The libertarian-centered law firm Institute of Justice (IJ) and Shelia Champion, owner of a local environmentally friendly cemetery in Hazel Green, Ala., are challenging a state law requiring that only licensed funeral directors sell caskets.

Champion started The Good Earth Burial Ground to give Alabama residents the option of purchasing inexpensive and “green” funeral arrangements.

Her caskets undercut the competition by a sizable margin.

The average cost of a funeral in 2014 was $8,505, according to The National Funeral Directors Association. Champion charges $1,750 to $1,950 and $200 to $250 to bury funeral caskets in The Good Earth cemetery.
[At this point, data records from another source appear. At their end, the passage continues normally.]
(* For $\lambda>0$ and $c>0$, let $V\sim\mathrm{Exp}(\lambda)$ and define the creator's expected profit $$P(p_0,r)=\mathbb{E}\big[(p_0+rV)\,\mathbb{1}_{\{(1-r)V\ge p_0\}}\big]+p_0\,\Pr\big[(1-r)V<p_0\le V\big]-c,\qquad p_0\ge 0,\ r\in[0,1].$$ Let $u_c^*=\sup_{p_0\ge 0,r\in[0,1]}P(p_0,r)$ and $u_{c,r=0}^*=\sup_{p_0\ge0}P(p_0,0)$. Then the set $\mathbb{T}=\{(\lambda,c):\ u_c^*\ge 0,\ u_{c,r=0}^*<0,\ \lambda>0,\ c>0\}$ is non-empty.
   Context: Interpretation: information-asymmetry model in which a speculator observes the realized end-buyer valuation $v$, buys at price $p_0$ iff $(1-r)v\ge p_0$ and resells at $v$ paying royalty $rv$ to the creator; otherwise the creator sells directly to the end-buyer at $p_0$ iff $v\ge p_0$. $c$ is the creator's cost. Trade occurs iff the optimal profit is nonnegative. *)

theory Defs
  imports "HOL-Probability.Probability"
begin

definition exp_law :: "real \<Rightarrow> real measure" where
  "exp_law l = density lborel (exponential_density l)"

definition creator_profit :: "real \<Rightarrow> real \<Rightarrow> real \<Rightarrow> real \<Rightarrow> real" where
  "creator_profit l c p0 r =
     (\<integral>v. (p0 + r * v) * indicator {v. (1 - r) * v \<ge> p0} v \<partial>exp_law l)
     + p0 * measure (exp_law l) {v. (1 - r) * v < p0 \<and> p0 \<le> v}
     - c"

definition u_star :: "real \<Rightarrow> real \<Rightarrow> real" where
  "u_star l c = (SUP pr \<in> {(p0, r). p0 \<ge> 0 \<and> 0 \<le> r \<and> r \<le> 1}. creator_profit l c (fst pr) (snd pr))"

definition u_star_r0 :: "real \<Rightarrow> real \<Rightarrow> real" where
  "u_star_r0 l c = (SUP p0 \<in> {0..}. creator_profit l c p0 0)"

end

theory Submission
  imports Defs
begin

text \<open>With full royalty and zero price (\<open>r = 1\<close>, \<open>p\<^sub>0 = 0\<close>) the creator captures the whole
  valuation and earns \<open>E[V] = 1/\<lambda>\<close>, whereas without royalty the best posted price only yields
  \<open>max\<^sub>p p e\<^sup>-\<^sup>\<lambda>\<^sup>p = 1/(e\<lambda>)\<close>. Any cost \<open>c\<close> with \<open>1/(e\<lambda>) < c \<le> 1/\<lambda>\<close>, e.g. \<open>(\<lambda>, c) = (1, 1)\<close>,
  therefore lies in \<open>\<T>\<close>.\<close>

lemma mult_exp_minus_le: "(x::real) * exp (- x) \<le> exp (- 1)"
proof -
  have "x * exp (- x) \<le> exp (x - 1) * exp (- x)"
    using exp_ge_add_one_self[of "x - 1"] by (intro mult_right_mono) auto
  also have "\<dots> = exp (- 1)"
    by (simp flip: exp_add)
  finally show ?thesis .
qed

lemma mult_exp_minus_scaled_le:
  assumes "0 < l"
  shows "(p::real) * exp (- p * l) \<le> exp (- 1) / l"
  using mult_exp_minus_le[of "p * l"] assms by (simp add: field_simps)

lemma sets_exp_law [simp, measurable_cong]: "sets (exp_law l) = sets borel"
  by (simp add: exp_law_def)

lemma space_exp_law [simp]: "space (exp_law l) = UNIV"
  by (simp add: exp_law_def)

lemma prob_space_exp_law: "0 < l \<Longrightarrow> prob_space (exp_law l)"
  unfolding exp_law_def by (rule prob_space_exponential_density)

lemma distributed_exp_law: "distributed (exp_law l) lborel (\<lambda>x. x) (exponential_density l)"
  by (auto simp: distributed_def distr_id2 exp_law_def)

lemma AE_exp_law_nonneg: "AE v in exp_law l. 0 \<le> v"
  unfolding exp_law_def by (subst AE_density) (auto simp: exponential_density_def)

lemma integrable_exp_law_id: "0 < l \<Longrightarrow> integrable (exp_law l) (\<lambda>v. v)"
  using prob_space.erlang_ith_moment_integrable[OF prob_space_exp_law _ distributed_exp_law, of l 1]
  by simp

lemma integral_exp_law_id: "0 < l \<Longrightarrow> (\<integral>v. v \<partial>exp_law l) = 1 / l"
  using prob_space.exponential_distributed_expectation[OF prob_space_exp_law _ distributed_exp_law]
  by simp

lemma singleton_null_exp_law: "{a} \<in> null_sets (exp_law l)"
proof -
  have "AE x in lborel. x \<in> {a} \<longrightarrow> exponential_density l x = 0"
    using AE_lborel_singleton[of a] by eventually_elim simp
  then show ?thesis
    unfolding exp_law_def by (subst null_sets_density_iff) auto
qed

lemma measure_exp_law_ge:
  assumes "0 < l" "0 \<le> a"
  shows "measure (exp_law l) {x. a \<le> x} = exp (- a * l)"
proof -
  have "{x. a \<le> x} = {x. a < x} \<union> {a}"
    by auto
  then have "measure (exp_law l) {x. a \<le> x} = measure (exp_law l) {x. a < x}"
    using measure_Un_null_set[OF _ singleton_null_exp_law] by simp
  also have "\<dots> = exp (- a * l)"
    using prob_space.exponential_distributedD_gt[OF prob_space_exp_law distributed_exp_law] assms
    by simp
  finally show ?thesis .
qed

lemma creator_profit_no_royalty:
  assumes "0 < l" "0 \<le> p0"
  shows "creator_profit l c p0 0 = p0 * exp (- p0 * l) - c"
proof -
  have posted_price_sales: "(\<integral>v. (p0 + 0 * v) * indicator {v. (1 - 0) * v \<ge> p0} v \<partial>exp_law l)
      = p0 * exp (- p0 * l)"
    using measure_exp_law_ge[OF assms] by simp
  have no_resale: "{v. (1 - 0) * v < p0 \<and> p0 \<le> v} = {}"
    by auto
  show ?thesis
    unfolding creator_profit_def posted_price_sales no_resale by simp
qed

lemma creator_profit_full_royalty: "0 < l \<Longrightarrow> creator_profit l c 0 1 = 1 / l - c"
  unfolding creator_profit_def using integral_exp_law_id by simp

lemma creator_profit_le:
  assumes l: "0 < l" and p0: "0 \<le> p0" and r: "0 \<le> r" "r \<le> 1"
  shows "creator_profit l c p0 r \<le> 1 / l + exp (- 1) / l - c"
proof -
  interpret prob_space "exp_law l"
    using l by (rule prob_space_exp_law)
  let ?f = "\<lambda>v. (p0 + r * v) * indicator {v. (1 - r) * v \<ge> p0} v"
  have royalty_sales: "(\<integral>v. ?f v \<partial>exp_law l) \<le> 1 / l"
  proof (cases "integrable (exp_law l) ?f")
    case True
    have "AE v in exp_law l. ?f v \<le> v"
      using AE_exp_law_nonneg by eventually_elim (auto simp: indicator_def algebra_simps)
    then have "(\<integral>v. ?f v \<partial>exp_law l) \<le> (\<integral>v. v \<partial>exp_law l)"
      by (rule integral_mono_AE[OF True integrable_exp_law_id[OF l]])
    then show ?thesis
      using integral_exp_law_id[OF l] by simp
  next
    case False
    then show ?thesis
      using l by (simp add: not_integrable_integral_eq)
  qed
  have "measure (exp_law l) {v. (1 - r) * v < p0 \<and> p0 \<le> v} \<le> measure (exp_law l) {v. p0 \<le> v}"
    by (intro finite_measure_mono) auto
  then have "p0 * measure (exp_law l) {v. (1 - r) * v < p0 \<and> p0 \<le> v} \<le> p0 * exp (- p0 * l)"
    using measure_exp_law_ge[OF l p0] p0 by (simp add: mult_left_mono)
  also have "\<dots> \<le> exp (- 1) / l"
    using mult_exp_minus_scaled_le[OF l] .
  finally show ?thesis
    using royalty_sales unfolding creator_profit_def by simp
qed

lemma creator_profit_le_u_star:
  assumes "0 < l" "0 \<le> p0" "0 \<le> r" "r \<le> 1"
  shows "creator_profit l c p0 r \<le> u_star l c"
  unfolding u_star_def
proof (rule cSUP_upper2)
  show "bdd_above ((\<lambda>pr. creator_profit l c (fst pr) (snd pr)) ` {(p0, r). p0 \<ge> 0 \<and> 0 \<le> r \<and> r \<le> 1})"
    using creator_profit_le[OF \<open>0 < l\<close>] by (intro bdd_aboveI) auto
qed (use assms in auto)

lemma u_star_ge: "0 < l \<Longrightarrow> 1 / l - c \<le> u_star l c"
  using creator_profit_le_u_star[of l 0 1 c] creator_profit_full_royalty[of l c] by simp

lemma u_star_r0_le:
  assumes "0 < l"
  shows "u_star_r0 l c \<le> exp (- 1) / l - c"
  unfolding u_star_r0_def
proof (rule cSUP_least)
  fix p0 :: real
  assume "p0 \<in> {0..}"
  then show "creator_profit l c p0 0 \<le> exp (- 1) / l - c"
    using creator_profit_no_royalty[OF assms] mult_exp_minus_scaled_le[OF assms, of p0] by simp
qed simp

theorem corollary5:
  shows "{(l, c). u_star l c \<ge> 0 \<and> u_star_r0 l c < 0 \<and> l > 0 \<and> c > 0} \<noteq> ({} :: (real \<times> real) set)"
proof -
  have "0 \<le> u_star 1 1"
    using u_star_ge[of 1 1] by simp
  moreover have "u_star_r0 1 1 < 0"
    using u_star_r0_le[of 1 1] exp_less_one_iff[of "- 1"] by linarith
  ultimately have "(1, 1) \<in> {(l, c). u_star l c \<ge> 0 \<and> u_star_r0 l c < 0 \<and> l > 0 \<and> (c::real) > 0}"
    by simp
  then show ?thesis
    by blast
qed

end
Champion and IJ are suing Alabama under the Due Process and Equal Protection Clauses of the 14th Amendment, which, according to IJ, makes unconstitutional restrictions on the right to earn a living when there’s no plausible reason for the law.

In order to comply with state law, Champion would have to a attend mortuary college, serve a two-year apprenticeship and fork over thousands of dollars. In addition, she must also build a funeral home, replete with offices and a showroom.

That’s a tall order for most thriving businesses; a seemingly insurmountable wall for independent entrepreneurs clawing and scraping to fill a demand.

“A casket is just a box and the law does not even require one for burial,” IJ Attorney Renée Flaherty, said in a press statement Tuesday. “There is no legitimate health or safety reason to license casket sellers.”

“More broadly,” IJ Senior Attorney Jeff Rowes added, “there is disagreement among the federal courts over whether the government can restrict economic liberty just to protect favored industries from competition.”

IJ believes Champion’s case may eventually make it to the U.S. Supreme Court.

Champion, for her part, said she simply wants “to provide less expensive, more intimate, more environmentally friendly alternatives to expensive, formal funerals—that is what my cemetery and biodegradable caskets are all about.”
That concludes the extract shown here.